(Records excerpted from a collection)
(* Let $R$ be a $*$-ring and $C(R)=\{a\in R\mid ax=xa \text{ for all } x\in R\}$ its center, regarded as a $*$-ring with the restricted involution. Then $R$ is strongly $J$-$*$-clean if and only if (1) $C(R)$ is $J$-$*$-clean, and (2) $R=C(R)+J(R)$.
   Context: All rings are associative with identity. A $*$-ring is a ring $R$ with an involution $*$, i.e. a map $a\mapsto a^*$ with $(a+b)^*=a^*+b^*$, $(ab)^*=b^*a^*$, $(a^* )^*=a$; the center $C(R)$ is closed under $*$. $J(S)$ denotes the Jacobson radical of a ring $S$. A projection is an element $e$ with $e^2=e=e^*$. $R$ is strongly $J$-$*$-clean if every $a\in R$ can be written $a=e+u$ with $e$ a projection, $u\in J(R)$ and $ae=ea$. A $*$-ring $S$ is $J$-$*$-clean if every element of $S$ is the sum of a projection of $S$ and an element of $J(S)$ (no commutation required). *)

theory Defs
  imports Main
begin

text \<open>A ring R is modelled by the type 'a :: ring_1 (associative, with identity);
  the involution is an explicit function star.\<close>

definition involution :: "('a::ring_1 \<Rightarrow> 'a) \<Rightarrow> bool" where
  "involution star \<longleftrightarrow>
     (\<forall>a b. star (a + b) = star a + star b) \<and>
     (\<forall>a b. star (a * b) = star b * star a) \<and>
     (\<forall>a. star (star a) = a)"

definition center :: "'a::ring_1 set" where
  "center = {a. \<forall>x. a * x = x * a}"

definition is_projection :: "('a::ring_1 \<Rightarrow> 'a) \<Rightarrow> 'a \<Rightarrow> bool" where
  "is_projection star e \<longleftrightarrow> e * e = e \<and> star e = e"

definition left_ideal_in :: "'a::ring_1 set \<Rightarrow> 'a set \<Rightarrow> bool" where
  "left_ideal_in S L \<longleftrightarrow> L \<subseteq> S \<and> 0 \<in> L \<and>
     (\<forall>x\<in>L. \<forall>y\<in>L. x - y \<in> L) \<and> (\<forall>s\<in>S. \<forall>x\<in>L. s * x \<in> L)"
theorem proposition3p19:
  fixes X :: "'a::metric_space set" and F :: "'a \<Rightarrow> 'a set"
  assumes "compact X"
    and "set_valued_map X F"
    and "svm_continuous_on X F"
    and "svm_onto X F"
  shows "(has_shadowing X F \<longleftrightarrow>
           (\<forall>\<epsilon>>0. \<exists>\<delta>>0. \<exists>N::nat. N \<ge> 1 \<and>
              (\<forall>x xN. pseudo_orbit X F \<delta> x \<and>
                  (\<forall>i. xN i \<in> Fpow F N (x i) \<and> dist (xN i) (x (i + N)) < \<epsilon> / 2)
                \<longrightarrow> (\<exists>y. F_orbit X F y \<and> shadowed_by \<epsilon> (\<lambda>n. x (n + N)) y))))
       \<and> (has_shadowing X F \<longleftrightarrow>
           (\<forall>\<epsilon>>0. \<exists>\<delta>>0. \<exists>N::nat. N \<ge> 1 \<and>
              (\<forall>x xN. pseudo_orbit X F \<delta> x \<and>
                  (\<forall>i. xN i \<in> Fpow F N (x i) \<and> dist (xN i) (x (i + N)) < \<epsilon> / 2)
                \<longrightarrow> (\<exists>y. F_orbit X F y \<and> shadowed_by \<epsilon> xN y))))"
proof -
  have "has_shadowing X F \<longleftrightarrow> tail_shadowing X F"
    by (blast intro: has_shadowing_imp_tail_shadowing tail_shadowing_imp_has_shadowing[OF assms])
  moreover have "has_shadowing X F \<longleftrightarrow> iterate_shadowing X F"
    by (blast intro: has_shadowing_imp_iterate_shadowing iterate_shadowing_imp_has_shadowing[OF assms])
  ultimately show ?thesis
    unfolding tail_shadowing_def iterate_shadowing_def Fpow_tracks_def by (rule conjI)
qed

end
(* Every perfect matching meets every unit cycle exactly once, so for any set S of perfect
   matchings taubar S sends the two unit cycles through an arrow to the same monomial; as
   taubar S is multiplicative on the components e_w x e_u of path algebra elements, it
   vanishes on the whole dimer ideal. The simple matchings of Q' contain no contracted arrow,
   hence taubar psi = taubar on kQ, and taubar kills the ideal I of A as well.
   For z central and an arrow a, comparing taubar (z a) with taubar (a z) and cancelling the
   monomial of a gives taubar (z e_(h a)) = taubar (e_(t a) z) = taubar (z e_(t a)); as Q is
   connected, taubar (z e_i) does not depend on i. Finally taubar (z e_j) = taubar (e_j z e_j)
   with e_j z e_j in e_j A e_j, so taubar psi (z e_i) lies in every taubar psi (e_j A e_j). *)

theory Submission
  imports Defs
begin

definition pushforward :: "('p \<Rightarrow> bool) \<Rightarrow> ('p \<Rightarrow> 'q) \<Rightarrow> ('p \<Rightarrow>\<^sub>0 'k::comm_monoid_add) \<Rightarrow> ('q \<Rightarrow>\<^sub>0 'k)" where
  "pushforward P f x = (\<Sum>p\<in>Poly_Mapping.keys x. if P p then Poly_Mapping.single (f p) (Poly_Mapping.lookup x p) else 0)"

lemma pushforward_superset:
  assumes "finite A" "Poly_Mapping.keys x \<subseteq> A"
  shows "pushforward P f x = (\<Sum>p\<in>A. if P p then Poly_Mapping.single (f p) (Poly_Mapping.lookup x p) else 0)"
  unfolding pushforward_def
  by (rule sum.mono_neutral_left) (use assms in \<open>auto simp: in_keys_iff\<close>)

lemma pushforward_zero [simp]: "pushforward P f 0 = 0"
  by (simp add: pushforward_def)

lemma pushforward_single [simp]:
  "pushforward P f (Poly_Mapping.single p c) = (if P p then Poly_Mapping.single (f p) c else 0)"
  by (cases "c = 0") (auto simp: pushforward_def)

lemma pushforward_add: "pushforward P f (x + y) = pushforward P f x + pushforward P f y"
proof -
  let ?A = "Poly_Mapping.keys x \<union> Poly_Mapping.keys y"
  have "Poly_Mapping.keys (x + y) \<subseteq> ?A"
    by (rule keys_add)
  then have "pushforward P f (x + y) = (\<Sum>p\<in>?A.
      (if P p then Poly_Mapping.single (f p) (Poly_Mapping.lookup x p) else 0) +
      (if P p then Poly_Mapping.single (f p) (Poly_Mapping.lookup y p) else 0))"
    by (subst pushforward_superset[of ?A]) (auto simp: lookup_add single_add intro!: sum.cong)
  also have "\<dots> = pushforward P f x + pushforward P f y"
    by (simp add: sum.distrib pushforward_superset[of ?A x] pushforward_superset[of ?A y])
  finally show ?thesis .
qed

lemma pushforward_diff:
  fixes x :: "'p \<Rightarrow>\<^sub>0 'k::ab_group_add"
  shows "pushforward P f (x - y) = pushforward P f x - pushforward P f y"
  using pushforward_add[of P f "x - y" y] by (simp add: eq_diff_eq)

lemma pushforward_sum: "pushforward P f (\<Sum>i\<in>A. g i) = (\<Sum>i\<in>A. pushforward P f (g i))"
  by (induction A rule: infinite_finite_induct) (auto simp: pushforward_add)

lemma pushforward_cong:
  "(\<And>p. P p \<longleftrightarrow> Q p) \<Longrightarrow> (\<And>p. Q p \<Longrightarrow> f p = g p) \<Longrightarrow> pushforward P f x = pushforward Q g x"
  unfolding pushforward_def by (rule sum.cong) auto

lemma pushforward_pushforward:
  "pushforward P f (pushforward Q g x) = pushforward (\<lambda>p. Q p \<and> P (g p)) (f \<circ> g) x"
proof -
  have "pushforward P f (pushforward Q g x) = (\<Sum>p\<in>Poly_Mapping.keys x.
      pushforward P f (if Q p then Poly_Mapping.single (g p) (Poly_Mapping.lookup x p) else 0))"
    by (simp only: pushforward_def[of Q] pushforward_sum)
  also have "\<dots> = pushforward (\<lambda>p. Q p \<and> P (g p)) (f \<circ> g) x"
    unfolding pushforward_def[of "\<lambda>p. Q p \<and> P (g p)"] by (rule sum.cong) auto
  finally show ?thesis .
qed

lemma keys_pushforward: "Poly_Mapping.keys (pushforward P f x) \<subseteq> f ` {p \<in> Poly_Mapping.keys x. P p}"
  unfolding pushforward_def by (rule order_trans[OF keys_sum]) (auto split: if_splits)

lemma lookup_pushforward:
  "Poly_Mapping.lookup (pushforward P f x) q = (\<Sum>p\<in>Poly_Mapping.keys x. if P p \<and> f p = q then Poly_Mapping.lookup x p else 0)"
  unfolding pushforward_def lookup_sum by (rule sum.cong) (auto simp: lookup_single)

lemma lookup_map_mult:
  "Poly_Mapping.lookup (Poly_Mapping.map ((*) c) x) p = (c::'k::semiring_0) * Poly_Mapping.lookup x p"
  by (simp add: map.rep_eq when_def)

lemma pushforward_map_mult:
  fixes x :: "'p \<Rightarrow>\<^sub>0 'k::semiring_0"
  shows "pushforward P f (Poly_Mapping.map ((*) c) x) = Poly_Mapping.map ((*) c) (pushforward P f x)"
proof (rule poly_mapping_eqI)
  fix q
  have "Poly_Mapping.keys (Poly_Mapping.map ((*) c) x) \<subseteq> Poly_Mapping.keys x"
    by (auto simp: in_keys_iff lookup_map_mult)
  then have "Poly_Mapping.lookup (pushforward P f (Poly_Mapping.map ((*) c) x)) q =
      (\<Sum>p\<in>Poly_Mapping.keys x. if P p \<and> f p = q then c * Poly_Mapping.lookup x p else 0)"
    unfolding lookup_pushforward lookup_map_mult
    by (intro sum.mono_neutral_left) (auto simp: in_keys_iff lookup_map_mult)
  also have "\<dots> = Poly_Mapping.lookup (Poly_Mapping.map ((*) c) (pushforward P f x)) q"
    by (auto simp: lookup_map_mult lookup_pushforward sum_distrib_left intro!: sum.cong)
  finally show "Poly_Mapping.lookup (pushforward P f (Poly_Mapping.map ((*) c) x)) q =
      Poly_Mapping.lookup (Poly_Mapping.map ((*) c) (pushforward P f x)) q" .
qed

lemma pushforward_partition:
  "pushforward P f x = (\<Sum>k\<in>g ` Poly_Mapping.keys x. pushforward (\<lambda>p. P p \<and> g p = k) f x)"
proof -
  have "(\<Sum>k\<in>g ` Poly_Mapping.keys x. pushforward (\<lambda>p. P p \<and> g p = k) f x)
      = (\<Sum>p\<in>Poly_Mapping.keys x. \<Sum>k\<in>g ` Poly_Mapping.keys x.
           if g p = k then (if P p then Poly_Mapping.single (f p) (Poly_Mapping.lookup x p) else 0) else 0)"
    unfolding pushforward_def by (subst sum.swap) (auto intro!: sum.cong)
  also have "\<dots> = pushforward P f x"
    unfolding pushforward_def by (rule sum.cong) (auto simp: if_distrib cong: if_cong)
  finally show ?thesis ..
qed

lemma single_one_mult_pushforward:
  fixes x :: "'p \<Rightarrow>\<^sub>0 'k::semiring_1"
  shows "Poly_Mapping.single m 1 * pushforward P f x = pushforward P (\<lambda>p. m + f p) x"
  unfolding pushforward_def sum_distrib_left by (rule sum.cong) (auto simp: mult_single)

definition path_exp :: "'a set set \<Rightarrow> ('w,'a) path \<Rightarrow> ('a set \<Rightarrow>\<^sub>0 nat)" where
  "path_exp S p = sum_list (map (arrow_exp S) (snd p))"

text \<open>In the paper's notation, path_component h u w x is e_w x e_u.\<close>

definition path_component :: "('a \<Rightarrow> 'v) \<Rightarrow> 'v \<Rightarrow> 'v \<Rightarrow> (('v,'a) path \<Rightarrow>\<^sub>0 'k::comm_monoid_add) \<Rightarrow> (('v,'a) path \<Rightarrow>\<^sub>0 'k)" where
  "path_component h u w x = pushforward (\<lambda>p. fst p = u \<and> phead h p = w) id x"

lemma taubar_eq_pushforward: "taubar S x = pushforward (\<lambda>_. True) (path_exp S) x"
  by (simp add: taubar_def pushforward_def path_exp_def)

lemma taubar_diff: "taubar S (x - y) = taubar S x - taubar S y"
  by (simp add: taubar_eq_pushforward pushforward_diff)

lemma taubar_path_component:
  "taubar S (path_component h u w x) = pushforward (\<lambda>p. fst p = u \<and> phead h p = w) (path_exp S) x"
  by (simp add: taubar_eq_pushforward path_component_def pushforward_pushforward)

lemma taubar_sum_path_components:
  "taubar S x = (\<Sum>k\<in>(\<lambda>p. (fst p, phead h p)) ` Poly_Mapping.keys x. taubar S (path_component h (fst k) (snd k) x))"
  unfolding taubar_path_component unfolding taubar_eq_pushforward
  by (subst pushforward_partition[where g = "\<lambda>p. (fst p, phead h p)"]) (simp add: prod_eq_iff)

lemma taubar_path_component_pmul:
  fixes x y :: "('v,'a) path \<Rightarrow>\<^sub>0 'k::comm_ring_1"
  shows "taubar S (path_component h u w (pmul h x y)) =
    (\<Sum>v\<in>fst ` Poly_Mapping.keys x. taubar S (path_component h v w x) * taubar S (path_component h u v y))"
proof -
  let ?term = "\<lambda>p q. Poly_Mapping.single (path_exp S p + path_exp S q) (Poly_Mapping.lookup x p * Poly_Mapping.lookup y q)"
  have "taubar S (path_component h u w (pmul h x y)) = (\<Sum>p\<in>Poly_Mapping.keys x. \<Sum>q\<in>Poly_Mapping.keys y.
      if fst p = phead h q \<and> fst q = u \<and> phead h p = w then ?term p q else 0)"
    unfolding taubar_path_component pmul_def pushforward_sum
    by (intro sum.cong refl) (auto simp: path_exp_def phead_def add.commute)
  also have "\<dots> = (\<Sum>v\<in>fst ` Poly_Mapping.keys x. \<Sum>p\<in>Poly_Mapping.keys x. \<Sum>q\<in>Poly_Mapping.keys y.
      if v = fst p then (if phead h p = w \<and> fst q = u \<and> phead h q = v then ?term p q else 0) else 0)"
    by (simp only: sum.swap[where A = "fst ` Poly_Mapping.keys x"]) (intro sum.cong refl, simp)
  also have "\<dots> = (\<Sum>v\<in>fst ` Poly_Mapping.keys x. taubar S (path_component h v w x) * taubar S (path_component h u v y))"
    unfolding taubar_path_component pushforward_def sum_product
    by (auto simp: mult_single intro!: sum.cong)
  finally show ?thesis .
qed

lemma funpow_returns:
  assumes "finite E" "bij_betw f E E" "a \<in> E"
  shows "\<exists>n>0. (f ^^ n) a = a"
proof -
  have maps: "(f ^^ k) x \<in> E" if "x \<in> E" for k x
    using bij_betw_funpow[OF assms(2)] that by (auto simp: bij_betw_def)
  have "\<not> inj_on (\<lambda>k. (f ^^ k) a) {0..card E}"
  proof
    assume "inj_on (\<lambda>k. (f ^^ k) a) {0..card E}"
    moreover have "(\<lambda>k. (f ^^ k) a) ` {0..card E} \<subseteq> E"
      using maps assms(3) by auto
    ultimately have "card {0..card E} \<le> card E"
      using card_inj_on_le assms(1) by blast
    then show False by simp
  qed
  then obtain k l where kl: "k < l" "(f ^^ k) a = (f ^^ l) a"
    unfolding inj_on_def by (metis linorder_neqE_nat)
  have "(f ^^ k) ((f ^^ (l - k)) a) = (f ^^ (k + (l - k))) a"
    by (simp add: funpow_add)
  also have "\<dots> = (f ^^ k) a"
    using kl by simp
  finally have "(f ^^ (l - k)) a = a"
    using bij_betw_funpow[OF assms(2), of k] maps assms(3) by (auto simp: bij_betw_def dest: inj_onD)
  then show ?thesis
    using kl(1) by (intro exI[of _ "l - k"]) simp
qed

WORK REQUIRED - Copy out every line of the data in which the word "assms" is found.

ANSWER -
    by (blast intro: has_shadowing_imp_tail_shadowing tail_shadowing_imp_has_shadowing[OF assms])
    by (blast intro: has_shadowing_imp_iterate_shadowing iterate_shadowing_imp_has_shadowing[OF assms])
  by (rule sum.mono_neutral_left) (use assms in \<open>auto simp: in_keys_iff\<close>)
    using bij_betw_funpow[OF assms(2)] that by (auto simp: bij_betw_def)
      using maps assms(3) by auto
      using card_inj_on_le assms(1) by blast
    using bij_betw_funpow[OF assms(2), of k] maps assms(3) by (auto simp: bij_betw_def dest: inj_onD)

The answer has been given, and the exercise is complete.